===== Records for processing
(* Let $M$ be a monoidal category and $C$ an $M$-actegory. The functors $R:C\to\mathit{Tamb}_{C,M}$, $x\mapsto R_x$, $f\mapsto R_f$, and $L:C^{op}\to\mathit{Tamb}_{M,C}$, $x\mapsto L_x$, $f\mapsto L_f$, are fully faithful.
   Context: $(M,\otimes,I,\lambda,a)$ is a monoidal category; an $M$-actegory is a category $C$ with a functor $\odot:M\times C\to C$ and coherent natural isomorphisms $\lambda_x:I\odot x\to x$, $a_{m,n,x}:(m\otimes n)\odot x\to m\odot(n\odot x)$; $M$ is an $M$-actegory via $\otimes$. Composition is diagrammatic. For $M$-actegories $C,D$, $\mathit{Tamb}_{C,D}$ is the category of functors $P:C^{op}\times D\to\mathrm{Set}$ with strength maps $P(c,d)\to P(m\odot c,m\odot d)$ natural in $c,d$, (di)natural in $m$, compatible with unitors/associators; morphisms are strength-preserving natural transformations. $R_x\in\mathit{Tamb}_{C,M}$ is $(c,n)\mapsto C(c,n\odot x)$ with strength $h\mapsto(m\odot h);a^{-1}_{m,n,x}$; $L_x\in\mathit{Tamb}_{M,C}$ is $(n,c)\mapsto C(n\odot x,c)$ with strength $h\mapsto a_{m,n,x};(m\odot h)$. For $f:x\to y$, $R_f:R_x\Rightarrow R_y$ postcomposes with $n\odot f$ and $L_f:L_y\Rightarrow L_x$ precomposes with $n\odot f$. *)

theory Defs
  imports Main
begin

record ('o, 'a) cat =
  Obj  :: "'o set"
  Hom  :: "'o \<Rightarrow> 'o \<Rightarrow> 'a set"
  Id   :: "'o \<Rightarrow> 'a"
  Comp :: "'a \<Rightarrow> 'a \<Rightarrow> 'a"   (* Comp f g = f ; g  (first f, then g) *)

definition is_cat :: "('o, 'a, 'z) cat_scheme \<Rightarrow> bool" where
  "is_cat C \<longleftrightarrow>
     (\<forall>a b. a \<notin> Obj C \<or> b \<notin> Obj C \<longrightarrow> Hom C a b = {}) \<and>
     (\<forall>a\<in>Obj C. Id C a \<in> Hom C a a) \<and>
     (\<forall>a b c f g. f \<in> Hom C a b \<and> g \<in> Hom C b c \<longrightarrow> Comp C f g \<in> Hom C a c) \<and>
     (\<forall>a b f. f \<in> Hom C a b \<longrightarrow> Comp C (Id C a) f = f \<and> Comp C f (Id C b) = f) \<and>
     (\<forall>a b c d f g h. f \<in> Hom C a b \<and> g \<in> Hom C b c \<and> h \<in> Hom C c d \<longrightarrow>
        Comp C (Comp C f g) h = Comp C f (Comp C g h))"

definition is_iso :: "('o, 'a, 'z) cat_scheme \<Rightarrow> 'o \<Rightarrow> 'o \<Rightarrow> 'a \<Rightarrow> 'a \<Rightarrow> bool" where
  "is_iso C a b f g \<longleftrightarrow> f \<in> Hom C a b \<and> g \<in> Hom C b a \<and>
     Comp C f g = Id C a \<and> Comp C g f = Id C b"

definition bifunctor ::
  "('a, 'f, 'z1) cat_scheme \<Rightarrow> ('b, 'g, 'z2) cat_scheme \<Rightarrow> ('c, 'h, 'z3) cat_scheme \<Rightarrow>
   ('a \<Rightarrow> 'b \<Rightarrow> 'c) \<Rightarrow> ('f \<Rightarrow> 'g \<Rightarrow> 'h) \<Rightarrow> bool" where
  "bifunctor A B C F Fa \<longleftrightarrow>
     (\<forall>a\<in>Obj A. \<forall>b\<in>Obj B. F a b \<in> Obj C) \<and>
     (\<forall>a a' b b' f g. f \<in> Hom A a a' \<and> g \<in> Hom B b b' \<longrightarrow> Fa f g \<in> Hom C (F a b) (F a' b')) \<and>
     (\<forall>a\<in>Obj A. \<forall>b\<in>Obj B. Fa (Id A a) (Id B b) = Id C (F a b)) \<and>
     (\<forall>a a' a'' b b' b'' f f' g g'.
        f \<in> Hom A a a' \<and> f' \<in> Hom A a' a'' \<and> g \<in> Hom B b b' \<and> g' \<in> Hom B b' b'' \<longrightarrow>
        Fa (Comp A f f') (Comp B g g') = Comp C (Fa f g) (Fa f' g'))"

record ('m, 'ma) moncat = "('m, 'ma) cat" +
  tens_ob :: "'m \<Rightarrow> 'm \<Rightarrow> 'm"
  tens    :: "'ma \<Rightarrow> 'ma \<Rightarrow> 'ma"
  unit_ob :: "'m"
  lu      :: "'m \<Rightarrow> 'ma"
  lu_inv  :: "'m \<Rightarrow> 'ma"
  ru      :: "'m \<Rightarrow> 'ma"
  ru_inv  :: "'m \<Rightarrow> 'ma"
  asc     :: "'m \<Rightarrow> 'm \<Rightarrow> 'm \<Rightarrow> 'ma"
  asc_inv :: "'m \<Rightarrow> 'm \<Rightarrow> 'm \<Rightarrow> 'ma"

definition monoidal :: "('m, 'ma) moncat \<Rightarrow> bool" where
  "monoidal M \<longleftrightarrow> is_cat M \<and> bifunctor M M M (tens_ob M) (tens M) \<and> unit_ob M \<in> Obj M \<and>
     (\<forall>m\<in>Obj M. is_iso M (tens_ob M (unit_ob M) m) m (lu M m) (lu_inv M m)) \<and>
     (\<forall>m\<in>Obj M. is_iso M (tens_ob M m (unit_ob M)) m (ru M m) (ru_inv M m)) \<and>
     (\<forall>m\<in>Obj M. \<forall>n\<in>Obj M. \<forall>p\<in>Obj M.
        is_iso M (tens_ob M (tens_ob M m n) p) (tens_ob M m (tens_ob M n p))
                 (asc M m n p) (asc_inv M m n p)) \<and>
     (\<forall>m m' f. f \<in> Hom M m m' \<longrightarrow>
        Comp M (tens M (Id M (unit_ob M)) f) (lu M m') = Comp M (lu M m) f) \<and>
     (\<forall>m m' f. f \<in> Hom M m m' \<longrightarrow>
        Comp M (tens M f (Id M (unit_ob M))) (ru M m') = Comp M (ru M m) f) \<and>
     (\<forall>m m' n n' p p' f g h. f \<in> Hom M m m' \<and> g \<in> Hom M n n' \<and> h \<in> Hom M p p' \<longrightarrow>
        Comp M (tens M (tens M f g) h) (asc M m' n' p') = Comp M (asc M m n p) (tens M f (tens M g h))) \<and>
     (\<forall>m\<in>Obj M. \<forall>n\<in>Obj M. \<forall>p\<in>Obj M. \<forall>q\<in>Obj M.
        Comp M (asc M (tens_ob M m n) p q) (asc M m n (tens_ob M p q)) =
        Comp M (tens M (asc M m n p) (Id M q))
          (Comp M (asc M m (tens_ob M n p) q) (tens M (Id M m) (asc M n p q)))) \<and>
     (\<forall>m\<in>Obj M. \<forall>n\<in>Obj M.
        Comp M (asc M m (unit_ob M) n) (tens M (Id M m) (lu M n)) = tens M (ru M m) (Id M n))"

record ('m, 'ma, 'c, 'ca) actegory = "('c, 'ca) cat" +
  act_ob    :: "'m \<Rightarrow> 'c \<Rightarrow> 'c"
  act       :: "'ma \<Rightarrow> 'ca \<Rightarrow> 'ca"
  act_lu     :: "'c \<Rightarrow> 'ca"
  act_lu_inv :: "'c \<Rightarrow> 'ca"
  act_as     :: "'m \<Rightarrow> 'm \<Rightarrow> 'c \<Rightarrow> 'ca"
  act_as_inv :: "'m \<Rightarrow> 'm \<Rightarrow> 'c \<Rightarrow> 'ca"

definition is_actegory :: "('m, 'ma) moncat \<Rightarrow> ('m, 'ma, 'c, 'ca) actegory \<Rightarrow> bool" where
  "is_actegory M C \<longleftrightarrow> is_cat C \<and> bifunctor M C C (act_ob C) (act C) \<and>
     (\<forall>x\<in>Obj C. is_iso C (act_ob C (unit_ob M) x) x (act_lu C x) (act_lu_inv C x)) \<and>
     (\<forall>m\<in>Obj M. \<forall>n\<in>Obj M. \<forall>x\<in>Obj C.
        is_iso C (act_ob C (tens_ob M m n) x) (act_ob C m (act_ob C n x))
                 (act_as C m n x) (act_as_inv C m n x)) \<and>
     (\<forall>x x' f. f \<in> Hom C x x' \<longrightarrow>
        Comp C (act C (Id M (unit_ob M)) f) (act_lu C x') = Comp C (act_lu C x) f) \<and>
     (\<forall>m m' n n' x x' g h f. g \<in> Hom M m m' \<and> h \<in> Hom M n n' \<and> f \<in> Hom C x x' \<longrightarrow>
        Comp C (act C (tens M g h) f) (act_as C m' n' x') =
        Comp C (act_as C m n x) (act C g (act C h f))) \<and>
     (\<forall>m\<in>Obj M. \<forall>n\<in>Obj M. \<forall>p\<in>Obj M. \<forall>x\<in>Obj C.
        Comp C (act_as C (tens_ob M m n) p x) (act_as C m n (act_ob C p x)) =
        Comp C (act C (asc M m n p) (Id C x))
          (Comp C (act_as C m (tens_ob M n p) x) (act C (Id M m) (act_as C n p x)))) \<and>
     (\<forall>m\<in>Obj M. \<forall>x\<in>Obj C.
        Comp C (act_as C (unit_ob M) m x) (act_lu C (act_ob C m x)) = act C (lu M m) (Id C x)) \<and>
     (\<forall>m\<in>Obj M. \<forall>x\<in>Obj C.
        Comp C (act_as C m (unit_ob M) x) (act C (Id M m) (act_lu C x)) = act C (ru M m) (Id C x))"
==========
Work required
Give back exactly the lines above, from the line containing "(\<forall>a b f." through the line containing "('c, 'h, 'z3) cat_scheme \<Rightarrow>", with both end lines and nothing more.

Response
     (\<forall>a b f. f \<in> Hom C a b \<longrightarrow> Comp C (Id C a) f = f \<and> Comp C f (Id C b) = f) \<and>
     (\<forall>a b c d f g h. f \<in> Hom C a b \<and> g \<in> Hom C b c \<and> h \<in> Hom C c d \<longrightarrow>
        Comp C (Comp C f g) h = Comp C f (Comp C g h))"

definition is_iso :: "('o, 'a, 'z) cat_scheme \<Rightarrow> 'o \<Rightarrow> 'o \<Rightarrow> 'a \<Rightarrow> 'a \<Rightarrow> bool" where
  "is_iso C a b f g \<longleftrightarrow> f \<in> Hom C a b \<and> g \<in> Hom C b a \<and>
     Comp C f g = Id C a \<and> Comp C g f = Id C b"

definition bifunctor ::
  "('a, 'f, 'z1) cat_scheme \<Rightarrow> ('b, 'g, 'z2) cat_scheme \<Rightarrow> ('c, 'h, 'z3) cat_scheme \<Rightarrow>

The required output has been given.